(* Let $\mu$ be a continuous capacity on $(\Omega,\mathcal{F})$ and $\mathbf{Y}=\{Y_n\}_{n\in\mathbb{N}}$ a real-valued stochastic process on $(\Omega,\mathcal{F})$. Then $\mathbf{Y}$ is stationary on $(\Omega,\mathcal{F},\mu)$ if and only if $\mu_{\mathbf{Y}}$ is $\tau$-invariant, where $\tau$ is the shift on $\mathbb{R}^{\mathbb{N}}$.
   Context: A capacity is $\mu:\mathcal{F}\to[0,1]$ with $\mu(\emptyset)=0$, $\mu(\Omega)=1$, monotone; continuous if $\mu(A_n)\to\mu(A)$ whenever $A_n\uparrow A$ or $A_n\downarrow A$. $\mathbf{Y}$ is stationary if for all $n\in\mathbb{N}$, $k\in\mathbb{N}_0$ and Borel $A\subseteq\mathbb{R}^{k+1}$, $\mu(\{(Y_n,\dots,Y_{n+k})\in A\})=\mu(\{(Y_{n+1},\dots,Y_{n+1+k})\in A\})$. $\mathbb{R}^{\mathbb{N}}$ carries the $\sigma$-algebra $\sigma(\mathcal{C})$ generated by cylinders $\{\mathbf{x}:(x_1,\dots,x_n)\in H\}$, $n\in\mathbb{N}$, $H\in\mathcal{B}(\mathbb{R}^n)$; $\tau(x_1,x_2,x_3,\dots)=(x_2,x_3,\dots)$; $\mu_{\mathbf{Y}}(C)=\mu(\{\omega:(Y_1(\omega),Y_2(\omega),\dots)\in C\})$ for $C\in\sigma(\mathcal{C})$; $\tau$-invariance means $\mu_{\mathbf{Y}}(\tau^{-1}C)=\mu_{\mathbf{Y}}(C)$ for all $C\in\sigma(\mathcal{C})$. *)

theory Defs
  imports "HOL-Probability.Probability"
begin

text \<open>The measurable space (Omega, F) is represented by a measure M with
  Omega = space M and F = sets M; only its sigma-algebra is used.
  A capacity is a set function mu on F with values in [0,1].\<close>

definition capacity :: "'a measure \<Rightarrow> ('a set \<Rightarrow> real) \<Rightarrow> bool" where
  "capacity M \<mu> \<longleftrightarrow>
     (\<forall>A\<in>sets M. 0 \<le> \<mu> A \<and> \<mu> A \<le> 1) \<and>
     \<mu> {} = 0 \<and> \<mu> (space M) = 1 \<and>
     (\<forall>A\<in>sets M. \<forall>B\<in>sets M. A \<subseteq> B \<longrightarrow> \<mu> A \<le> \<mu> B)"

definition continuous_capacity :: "'a measure \<Rightarrow> ('a set \<Rightarrow> real) \<Rightarrow> bool" where
  "continuous_capacity M \<mu> \<longleftrightarrow> capacity M \<mu> \<and>
     (\<forall>A :: nat \<Rightarrow> 'a set. range A \<subseteq> sets M \<longrightarrow> incseq A \<longrightarrow>
         (\<lambda>n. \<mu> (A n)) \<longlonglongrightarrow> \<mu> (\<Union>n. A n)) \<and>
     (\<forall>A :: nat \<Rightarrow> 'a set. range A \<subseteq> sets M \<longrightarrow> decseq A \<longrightarrow>
         (\<lambda>n. \<mu> (A n)) \<longlonglongrightarrow> \<mu> (\<Inter>n. A n))"
lemma no_box_common_tails:
  assumes "\<not> has_box V (t # ss) T" "B \<subseteq> V" "card B = t"
  shows "\<not> has_box V ss {y. \<forall>v\<in>B. v # y \<in> T}"
proof
  assume "has_box V ss {y. \<forall>v\<in>B. v # y \<in> T}"
  then obtain As where "length As = length ss" "\<forall>i<length ss. As ! i \<subseteq> V \<and> card (As ! i) = ss ! i"
    "list_box As \<subseteq> {y. \<forall>v\<in>B. v # y \<in> T}"
    unfolding has_box_def by blast
  then have "has_box V (t # ss) T"
    unfolding has_box_def using assms(2,3)
    by (intro exI[of _ "B # As"]) (auto simp: nth_Cons list_box_Cons split: nat.splits)
  with assms(1) show False by simp
qed

lemma card_div_power_le_sum_card_common_tails:
  assumes "finite V" "V \<noteq> {}" "t > 0" "T \<subseteq> {xs. length xs = Suc k \<and> set xs \<subseteq> V}"
  shows "(real (card T) / real t) ^ t
    \<le> real (card V) ^ (k * (t - 1)) *
       (real (\<Sum>B\<in>{B. B \<subseteq> V \<and> card B = t}. card {y. \<forall>v\<in>B. v # y \<in> T}) + real (card V) ^ k)"
proof -
  let ?Y = "{ys. set ys \<subseteq> V \<and> length ys = k}" and ?h = "\<lambda>y. card {v. v # y \<in> T}"
  have cY: "card ?Y = card V ^ k" by (rule card_lists_length_eq[OF assms(1)])
  obtain v where "v \<in> V" using assms(2) by blast
  then have Y: "finite ?Y" "?Y \<noteq> {}"
    using finite_lists_length_eq[OF assms(1)] by (auto intro!: exI[of _ "replicate k v"])
  have "(real (card T) / real t) ^ t = (\<Sum>y\<in>?Y. real (?h y) / real t) ^ t"
    using card_eq_sum_card_heads[OF assms(1,4)] by (simp add: sum_divide_distrib)
  also have "\<dots> \<le> real (card ?Y) ^ (t - 1) * (\<Sum>y\<in>?Y. (real (?h y) / real t) ^ t)"
    by (rule power_sum_le_card_power_sum[OF Y]) simp
  also have "(\<Sum>y\<in>?Y. (real (?h y) / real t) ^ t) \<le> (\<Sum>y\<in>?Y. real (?h y choose t) + 1)"
    using power_div_minus_one_le_binomial assms(3) by (intro sum_mono) (simp add: algebra_simps)
  also have "\<dots> = real (\<Sum>B\<in>{B. B \<subseteq> V \<and> card B = t}. card {y. \<forall>v\<in>B. v # y \<in> T}) + real (card V) ^ k"
    using cY unfolding sum_card_common_tails[OF assms(1,3,4)] by (simp add: sum.distrib)
  finally show ?thesis using cY by (simp add: power_mult mult_left_mono)
qed

lemma sum_card_common_tails_power_le:
  fixes V :: "'a set" and C' :: real
  assumes "finite V" "t > 0" "k \<ge> 1" "Q \<ge> 1" "C' \<ge> 0"
    and IH: "\<And>T'. T' \<subseteq> {xs. length xs = k \<and> set xs \<subseteq> V} \<Longrightarrow> \<not> has_box V ss T' \<Longrightarrow>
               real (card T') ^ Q \<le> C' * real (card V) ^ (k * Q - 1)"
    and T: "T \<subseteq> {xs. length xs = Suc k \<and> set xs \<subseteq> V}" and no_box: "\<not> has_box V (t # ss) T"
  shows "real (\<Sum>B\<in>{B. B \<subseteq> V \<and> card B = t}. card {y. \<forall>v\<in>B. v # y \<in> T}) ^ Q
    \<le> C' * real (card V) ^ (t * Q + k * Q - 1)"
proof -
  let ?Bs = "{B. B \<subseteq> V \<and> card B = t}" and ?tails = "\<lambda>B. {y. \<forall>v\<in>B. v # y \<in> T}"
  have "real (\<Sum>B\<in>?Bs. card (?tails B)) ^ Q \<le> real (card ?Bs) ^ Q * (C' * real (card V) ^ (k * Q - 1))"
    unfolding of_nat_sum
  proof (rule power_sum_le_card_power_mult)
    fix B assume "B \<in> ?Bs"
    moreover have "?tails B \<subseteq> {xs. length xs = k \<and> set xs \<subseteq> V}" if "B \<noteq> {}"
      using that T by fastforce
    ultimately show "real (card (?tails B)) ^ Q \<le> C' * real (card V) ^ (k * Q - 1)"
      using IH no_box_common_tails[OF no_box] assms(2) by fastforce
  qed (use assms(1,4) in simp_all)
  also have "\<dots> \<le> real (card V) ^ (t * Q) * (C' * real (card V) ^ (k * Q - 1))"
  proof -
    have "card ?Bs \<le> card V ^ t"
      using n_subsets[OF assms(1), of t] binomial_le_pow[of t "card V"] binomial_eq_0[of "card V" t]
      by (cases "t \<le> card V") auto
    then have "real (card ?Bs) ^ Q \<le> real (card V) ^ (t * Q)"
      by (simp add: power_mult power_mono flip: of_nat_power)
    then show ?thesis using assms(5) by (intro mult_right_mono) simp_all
  qed
  also have "\<dots> = C' * real (card V) ^ (t * Q + k * Q - 1)"
    using assms(3,4) by (simp add: power_add[symmetric] Nat.add_diff_assoc)
  finally show ?thesis .
qed

text \<open>Double counting of the pairs \<open>(B, y)\<close> of a \<open>t\<close>-set \<open>B\<close> of first entries and a tail \<open>y\<close> with
  \<open>v # y \<in> T\<close> for all \<open>v \<in> B\<close>: convexity bounds their number from below, and the induction
  hypothesis, applied to the common tails of each \<open>B\<close>, from above.\<close>
lemma kovari_sos_turan_step:
  fixes V :: "'a set" and C' :: real
  assumes "finite V" "t \<ge> 1" "k \<ge> 1" "Q \<ge> 1" "C' \<ge> 0"
    and IH: "\<And>T'. T' \<subseteq> {xs. length xs = k \<and> set xs \<subseteq> V} \<Longrightarrow> \<not> has_box V ss T' \<Longrightarrow>
               real (card T') ^ Q \<le> C' * real (card V) ^ (k * Q - 1)"
    and T: "T \<subseteq> {xs. length xs = Suc k \<and> set xs \<subseteq> V}" and no_box: "\<not> has_box V (t # ss) T"
  shows "real (card T) ^ (t * Q)
           \<le> 2 ^ Q * real t ^ (t * Q) * (C' + 1) * real (card V) ^ (Suc k * (t * Q) - 1)"
proof (cases "V = {}")
  case True
  then have "T = {}" using T by auto
  moreover have tQ: "t * Q \<ge> 1" using assms(2,4) by simp
  moreover have "Suc k * (t * Q) - 1 \<noteq> 0"
    using tQ mult_le_mono[OF assms(3) tQ] mult_Suc[of k "t * Q"] by linarith
  ultimately show ?thesis using True by (simp add: power_0_left)
next
  case False
  have t: "t > 0" using assms(2) by simp
  have "card V \<ge> 1" using False assms(1) by (simp add: Suc_le_eq card_gt_0_iff)
  from kovari_sos_turan_recurrence[OF this assms(2-4) _ _
      card_div_power_le_sum_card_common_tails[OF assms(1) False t T]
      sum_card_common_tails_power_le[OF assms(1) t assms(3-5) IH T no_box]]
  show ?thesis by (simp add: sum_nonneg)
qed

theorem kovari_sos_turan:
  assumes "ss \<noteq> []" "\<forall>x\<in>set ss. x > 0"
  shows "\<exists>C\<ge>0. \<forall>(V::'a set) T. finite V \<longrightarrow> T \<subseteq> {xs. length xs = length ss \<and> set xs \<subseteq> V} \<longrightarrow>
           \<not> has_box V ss T \<longrightarrow>
           real (card T) ^ prod_list (butlast ss) \<le> C * real (card V) ^ (length ss * prod_list (butlast ss) - 1)"
  using assms
proof (induction ss)
  case Nil
  then show ?case by simp
next
  case (Cons t ss)
  show ?case
  proof (cases "ss = []")
    case True
    have "card T \<le> t" if "T \<subseteq> {xs. length xs = 1 \<and> set xs \<subseteq> V}" "\<not> has_box V [t] T"
      for V :: "'a set" and T
      using card_lt_if_no_box_length_one[OF that] by simp
    then show ?thesis using True by (intro exI[of _ "real t"]) auto
  next
    case False
    define Q where "Q = prod_list (butlast ss)"
    have "0 \<notin> set (butlast ss)" using Cons.prems by (auto dest: in_set_butlastD)
    then have Q: "Q \<ge> 1" unfolding Q_def using prod_list_zero_iff[of "butlast ss"] by linarith
    obtain C' where C': "C' \<ge> 0" and IH: "\<forall>(V::'a set) T. finite V \<longrightarrow>
        T \<subseteq> {xs. length xs = length ss \<and> set xs \<subseteq> V} \<longrightarrow> \<not> has_box V ss T \<longrightarrow>
        real (card T) ^ Q \<le> C' * real (card V) ^ (length ss * Q - 1)"
      using Cons False unfolding Q_def by auto
    show ?thesis
    proof (intro exI[of _ "2 ^ Q * real t ^ (t * Q) * (C' + 1)"] conjI allI impI)
      fix V :: "'a set" and T
      assume "finite V" "T \<subseteq> {xs. length xs = length (t # ss) \<and> set xs \<subseteq> V}"
        and "\<not> has_box V (t # ss) T"
      with kovari_sos_turan_step[of V t "length ss" Q C' ss T] IH Cons.prems False C' Q
      show "real (card T) ^ prod_list (butlast (t # ss)) \<le> 2 ^ Q * real t ^ (t * Q) * (C' + 1) *
          real (card V) ^ (length (t # ss) * prod_list (butlast (t # ss)) - 1)"
        by (simp add: Suc_le_eq Q_def)
    qed (use C' in simp)
  qed
qed
(* Let $S$ be a finite relational signature and let $P$ be a ProbLog model over $S$ without domain constants such that every background knowledge clause $h:-b_1,\ldots,b_l$ of $P$ has the property that every variable occurring in the body $b_1,\ldots,b_l$ also occurs in the head $h$. Then the family $\{Q^{(n)}\mid n\in\mathbb{N}\}$ of distributions defined by $P$ is a projective random relational structure model.
   Context: A relational signature $S$ is a set of relation symbols with arities, written $r/k$. For $n\in\mathbb{N}$ let $[n]=\{0,\ldots,n-1\}$ and let $\Omega^{(n)}$ be the set of possible worlds for $S$ over domain $[n]$, i.e. truth assignments to all ground atoms $r(\mathbf{i})$, $r/k\in S$, $\mathbf{i}\in[n]^k$. A random relational structure model (RRSM) is a family $\{Q^{(n)}\mid n\in\mathbb{N}\}$ with $Q^{(n)}$ a probability distribution on $\Omega^{(n)}$. $Q^{(n)}$ is exchangeable if $Q^{(n)}(\omega)=Q^{(n)}(\omega')$ whenever $\omega,\omega'$ are isomorphic. For $m\le n$, $Q^{(n)}\downarrow[m]$ is the marginal distribution of $Q^{(n)}$ on the ground atoms with all arguments in $[m]$ (a distribution on $\Omega^{(m)}$). An RRSM is projective if every $Q^{(n)}$ is exchangeable and $Q^{(n)}\downarrow[m]=Q^{(m)}$ for all $m<n$. A ProbLog model (without constants) consists of a finite set of labeled facts $p::r(T_1,\ldots,T_k)$ with $p\in[0,1]$, $r/k\in S$ and variables $T_j$, together with background knowledge: a finite set of definite clauses $h:-b_1,\ldots,b_l$ whose head $h$ and body atoms $b_j$ are atoms over $S$ with variable arguments. For domain $[n]$, each ground instance (substitution of elements of $[n]$ for the variables) of each labeled fact $p::a$ is independently selected as true with probability $p$; given the selected set $F$ of ground facts, the resulting world $\omega_F\in\Omega^{(n)}$ is the least model over $[n]$ of $F$ together with all ground instances over $[n]$ of the background clauses. $Q^{(n)}(\omega)$ is the probability that $\omega_F=\omega$. *)

theory Defs
  imports Complex_Main
begin

type_synonym ('r,'v) atom = "'r \<times> 'v list"
type_synonym 'r gatom = "'r \<times> nat list"

definition ground_atoms :: "'r set \<Rightarrow> ('r \<Rightarrow> nat) \<Rightarrow> nat \<Rightarrow> 'r gatom set" where
  "ground_atoms S ar n = {(r, is). r \<in> S \<and> length is = ar r \<and> set is \<subseteq> {..<n}}"

text \<open>Possible worlds over [n]: a truth assignment is identified with the set of true ground atoms.\<close>
definition worlds :: "'r set \<Rightarrow> ('r \<Rightarrow> nat) \<Rightarrow> nat \<Rightarrow> 'r gatom set set" where
  "worlds S ar n = Pow (ground_atoms S ar n)"

definition inst :: "('v \<Rightarrow> nat) \<Rightarrow> ('r,'v) atom \<Rightarrow> 'r gatom" where
  "inst \<sigma> a = (fst a, map \<sigma> (snd a))"

definition vars_atom :: "('r,'v) atom \<Rightarrow> 'v set" where
  "vars_atom a = set (snd a)"

definition wf_atom :: "'r set \<Rightarrow> ('r \<Rightarrow> nat) \<Rightarrow> ('r,'v) atom \<Rightarrow> bool" where
  "wf_atom S ar a \<longleftrightarrow> fst a \<in> S \<and> length (snd a) = ar (fst a)"

text \<open>A ProbLog model: a finite list of labeled facts (p, a) meaning p::a, and a finite list of
  definite clauses (h, [b1,...,bl]) meaning h :- b1,...,bl.\<close>
definition problog_wf ::
  "'r set \<Rightarrow> ('r \<Rightarrow> nat) \<Rightarrow> (real \<times> ('r,'v) atom) list
    \<Rightarrow> (('r,'v) atom \<times> ('r,'v) atom list) list \<Rightarrow> bool" where
  "problog_wf S ar facts bk \<longleftrightarrow>
     (\<forall>(p, a) \<in> set facts. 0 \<le> p \<and> p \<le> 1 \<and> wf_atom S ar a) \<and>
     (\<forall>(h, bs) \<in> set bk. wf_atom S ar h \<and> (\<forall>b \<in> set bs. wf_atom S ar b))"

definition body_vars_in_head :: "(('r,'v) atom \<times> ('r,'v) atom list) list \<Rightarrow> bool" where
  "body_vars_in_head bk \<longleftrightarrow> (\<forall>(h, bs) \<in> set bk. (\<Union>b \<in> set bs. vars_atom b) \<subseteq> vars_atom h)"

inductive_set least_model ::
  "(('r,'v) atom \<times> ('r,'v) atom list) list \<Rightarrow> nat \<Rightarrow> 'r gatom set \<Rightarrow> 'r gatom set"
  for bk :: "(('r,'v) atom \<times> ('r,'v) atom list) list" and n :: nat and F :: "'r gatom set" where
  fact: "g \<in> F \<Longrightarrow> g \<in> least_model bk n F"
| rule: "(h, bs) \<in> set bk \<Longrightarrow>
         (\<forall>v \<in> vars_atom h \<union> (\<Union>b \<in> set bs. vars_atom b). \<sigma> v < n) \<Longrightarrow>
         (\<forall>b \<in> set bs. inst \<sigma> b \<in> least_model bk n F) \<Longrightarrow>
         inst \<sigma> h \<in> least_model bk n F"

text \<open>The independent random choices: pairs (k, g) with g a ground instance over [n] of the
  k-th labeled fact.\<close>
definition choices :: "(real \<times> ('r,'v) atom) list \<Rightarrow> nat \<Rightarrow> (nat \<times> 'r gatom) set" where
  "choices facts n = {(k, g). k < length facts \<and>
     (\<exists>\<sigma>. (\<forall>v \<in> vars_atom (snd (facts ! k)). \<sigma> v < n) \<and> g = inst \<sigma> (snd (facts ! k)))}"

definition sel_prob :: "(real \<times> ('r,'v) atom) list \<Rightarrow> nat \<Rightarrow> (nat \<times> 'r gatom) set \<Rightarrow> real" where
  "sel_prob facts n F =
     (\<Prod>(k, g) \<in> choices facts n. if (k, g) \<in> F then fst (facts ! k) else 1 - fst (facts ! k))"

definition problog_dist ::
  "(real \<times> ('r,'v) atom) list \<Rightarrow> (('r,'v) atom \<times> ('r,'v) atom list) list
    \<Rightarrow> nat \<Rightarrow> 'r gatom set \<Rightarrow> real" where
  "problog_dist facts bk n \<omega> =
     (\<Sum>F \<in> Pow (choices facts n).
        if least_model bk n (snd ` F) = \<omega> then sel_prob facts n F else 0)"

definition rename_world :: "(nat \<Rightarrow> nat) \<Rightarrow> 'r gatom set \<Rightarrow> 'r gatom set" where
  "rename_world \<pi> \<omega> = (\<lambda>(r, is). (r, map \<pi> is)) ` \<omega>"

definition isomorphic_worlds :: "nat \<Rightarrow> 'r gatom set \<Rightarrow> 'r gatom set \<Rightarrow> bool" where
  "isomorphic_worlds n \<omega> \<omega>' \<longleftrightarrow>
     (\<exists>\<pi>. bij_betw \<pi> {..<n} {..<n} \<and> \<omega>' = rename_world \<pi> \<omega>)"

definition is_distribution :: "'r set \<Rightarrow> ('r \<Rightarrow> nat) \<Rightarrow> nat \<Rightarrow> ('r gatom set \<Rightarrow> real) \<Rightarrow> bool" where
  "is_distribution S ar n Q \<longleftrightarrow>
     (\<forall>\<omega> \<in> worlds S ar n. 0 \<le> Q \<omega>) \<and> (\<Sum>\<omega> \<in> worlds S ar n. Q \<omega>) = 1"

definition exchangeable :: "'r set \<Rightarrow> ('r \<Rightarrow> nat) \<Rightarrow> nat \<Rightarrow> ('r gatom set \<Rightarrow> real) \<Rightarrow> bool" where
  "exchangeable S ar n Q \<longleftrightarrow>
     (\<forall>\<omega> \<in> worlds S ar n. \<forall>\<omega>' \<in> worlds S ar n. isomorphic_worlds n \<omega> \<omega>' \<longrightarrow> Q \<omega> = Q \<omega>')"

definition marginal ::
  "'r set \<Rightarrow> ('r \<Rightarrow> nat) \<Rightarrow> nat \<Rightarrow> nat \<Rightarrow> ('r gatom set \<Rightarrow> real) \<Rightarrow> 'r gatom set \<Rightarrow> real" where
  "marginal S ar n m Q \<omega>' =
     (\<Sum>\<omega> \<in> {\<omega> \<in> worlds S ar n. \<omega> \<inter> ground_atoms S ar m = \<omega>'}. Q \<omega>)"

definition projective_rrsm :: "'r set \<Rightarrow> ('r \<Rightarrow> nat) \<Rightarrow> (nat \<Rightarrow> 'r gatom set \<Rightarrow> real) \<Rightarrow> bool" where
  "projective_rrsm S ar Q \<longleftrightarrow>
     (\<forall>n. is_distribution S ar n (Q n) \<and> exchangeable S ar n (Q n)) \<and>
     (\<forall>m n. m < n \<longrightarrow> (\<forall>\<omega> \<in> worlds S ar m. marginal S ar n m (Q n) \<omega> = Q m \<omega>))"

end

theory Submission
  imports Defs
begin

text \<open>Q^(n) is the image, under the least-model map, of independent Bernoulli selections of the
  ground instances of the labelled facts. A permutation of [n] permutes these instances without
  changing their probabilities and commutes with the least-model operator, which gives
  exchangeability. For projectivity, the condition on the clauses makes every derivation of an
  atom over [m] use only clause instances and selected facts over [m]; so the restriction to [m]
  of the least model over [n] is the least model over [m] of the selections among the instances
  over [m], and summing out the independent selections of all other instances leaves Q^(m).\<close>

section \<open>Independent selections\<close>

definition selection_weight :: "('c \<Rightarrow> real) \<Rightarrow> 'c set \<Rightarrow> 'c set \<Rightarrow> real" where
  "selection_weight q C F = (\<Prod>c\<in>C. if c \<in> F then q c else 1 - q c)"

lemma selection_weight_eq_prod:
  assumes "finite C" "F \<subseteq> C"
  shows "selection_weight q C F = (\<Prod>c\<in>F. q c) * (\<Prod>c\<in>C - F. 1 - q c)"
proof -
  have "C \<inter> {c. c \<in> F} = F" "C \<inter> - {c. c \<in> F} = C - F" using assms(2) by auto
  then show ?thesis unfolding selection_weight_def prod.If_cases[OF assms(1)] by simp
qed

lemma selection_weight_nonneg:
  assumes "\<And>c. c \<in> C \<Longrightarrow> 0 \<le> q c \<and> q c \<le> 1"
  shows "0 \<le> selection_weight q C F"
  unfolding selection_weight_def using assms by (intro prod_nonneg) auto

lemma sum_selection_weight:
  assumes "finite C"
  shows "(\<Sum>F\<in>Pow C. selection_weight q C F) = 1"
proof -
  have "(\<Sum>F\<in>Pow C. selection_weight q C F) = (\<Prod>c\<in>C. q c + (1 - q c))"
    unfolding prod_add[OF assms] using assms
    by (intro sum.cong) (auto simp: selection_weight_eq_prod)
  then show ?thesis by simp
qed

lemma selection_weight_Un:
  assumes "finite A" "finite B" "A \<inter> B = {}" "X \<subseteq> A" "Y \<subseteq> B"
  shows "selection_weight q (A \<union> B) (X \<union> Y) = selection_weight q A X * selection_weight q B Y"
proof -
  have fin: "finite X" "finite Y" "finite (A - X)" "finite (B - Y)"
    using assms finite_subset by auto
  have "(A \<union> B) - (X \<union> Y) = (A - X) \<union> (B - Y)" using assms by auto
  then have "selection_weight q (A \<union> B) (X \<union> Y)
      = (\<Prod>c\<in>X \<union> Y. q c) * (\<Prod>c\<in>(A - X) \<union> (B - Y). 1 - q c)"
    using assms by (subst selection_weight_eq_prod) auto
  also have "\<dots> = ((\<Prod>c\<in>X. q c) * (\<Prod>c\<in>Y. q c))
      * ((\<Prod>c\<in>A - X. 1 - q c) * (\<Prod>c\<in>B - Y. 1 - q c))"
  proof -
    have "X \<inter> Y = {}" "(A - X) \<inter> (B - Y) = {}" using assms by auto
    then show ?thesis using fin by (simp add: prod.union_disjoint)
  qed
  finally show ?thesis using assms by (simp add: selection_weight_eq_prod mult_ac)
qed

lemma sum_Pow_Un:
  assumes "A \<inter> B = {}"
  shows "(\<Sum>F\<in>Pow (A \<union> B). g F) = (\<Sum>X\<in>Pow A. \<Sum>Y\<in>Pow B. g (X \<union> Y))"
proof -
  have "bij_betw (\<lambda>(X, Y). X \<union> Y) (Pow A \<times> Pow B) (Pow (A \<union> B))"
    by (rule bij_betw_byWitness[where f' = "\<lambda>F. (F \<inter> A, F \<inter> B)"]) (use assms in auto)
  from sum.reindex_bij_betw[OF this, of g] show ?thesis
    by (simp add: sum.cartesian_product case_prod_unfold)
qed

lemma sum_selection_weight_restrict:
  assumes "finite C" "C' \<subseteq> C"
  shows "(\<Sum>F\<in>Pow C. h (F \<inter> C') * selection_weight q C F) = (\<Sum>F\<in>Pow C'. h F * selection_weight q C' F)"
proof -
  define D where "D = C - C'"
  have C: "C = C' \<union> D" "C' \<inter> D = {}" "finite C'" "finite D"
    using assms finite_subset unfolding D_def by auto
  have "(\<Sum>F\<in>Pow C. h (F \<inter> C') * selection_weight q C F)
      = (\<Sum>X\<in>Pow C'. \<Sum>Y\<in>Pow D. h X * selection_weight q C' X * selection_weight q D Y)"
    unfolding C(1) sum_Pow_Un[OF C(2)]
  proof (intro sum.cong refl)
    fix X Y assume "X \<in> Pow C'" "Y \<in> Pow D"
    moreover from this have "(X \<union> Y) \<inter> C' = X" using C(2) by auto
    ultimately show "h ((X \<union> Y) \<inter> C') * selection_weight q (C' \<union> D) (X \<union> Y)
        = h X * selection_weight q C' X * selection_weight q D Y"
      using C by (simp add: selection_weight_Un)
  qed
  also have "\<dots> = (\<Sum>X\<in>Pow C'. h X * selection_weight q C' X)"
    by (simp add: sum_distrib_left[symmetric] sum_selection_weight[OF C(4)])
  finally show ?thesis .
qed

What is required
Find all the lines with "else" in the data and copy them.

Exercise result
     (\<Prod>(k, g) \<in> choices facts n. if (k, g) \<in> F then fst (facts ! k) else 1 - fst (facts ! k))"
        if least_model bk n (snd ` F) = \<omega> then sel_prob facts n F else 0)"
  "selection_weight q C F = (\<Prod>c\<in>C. if c \<in> F then q c else 1 - q c)"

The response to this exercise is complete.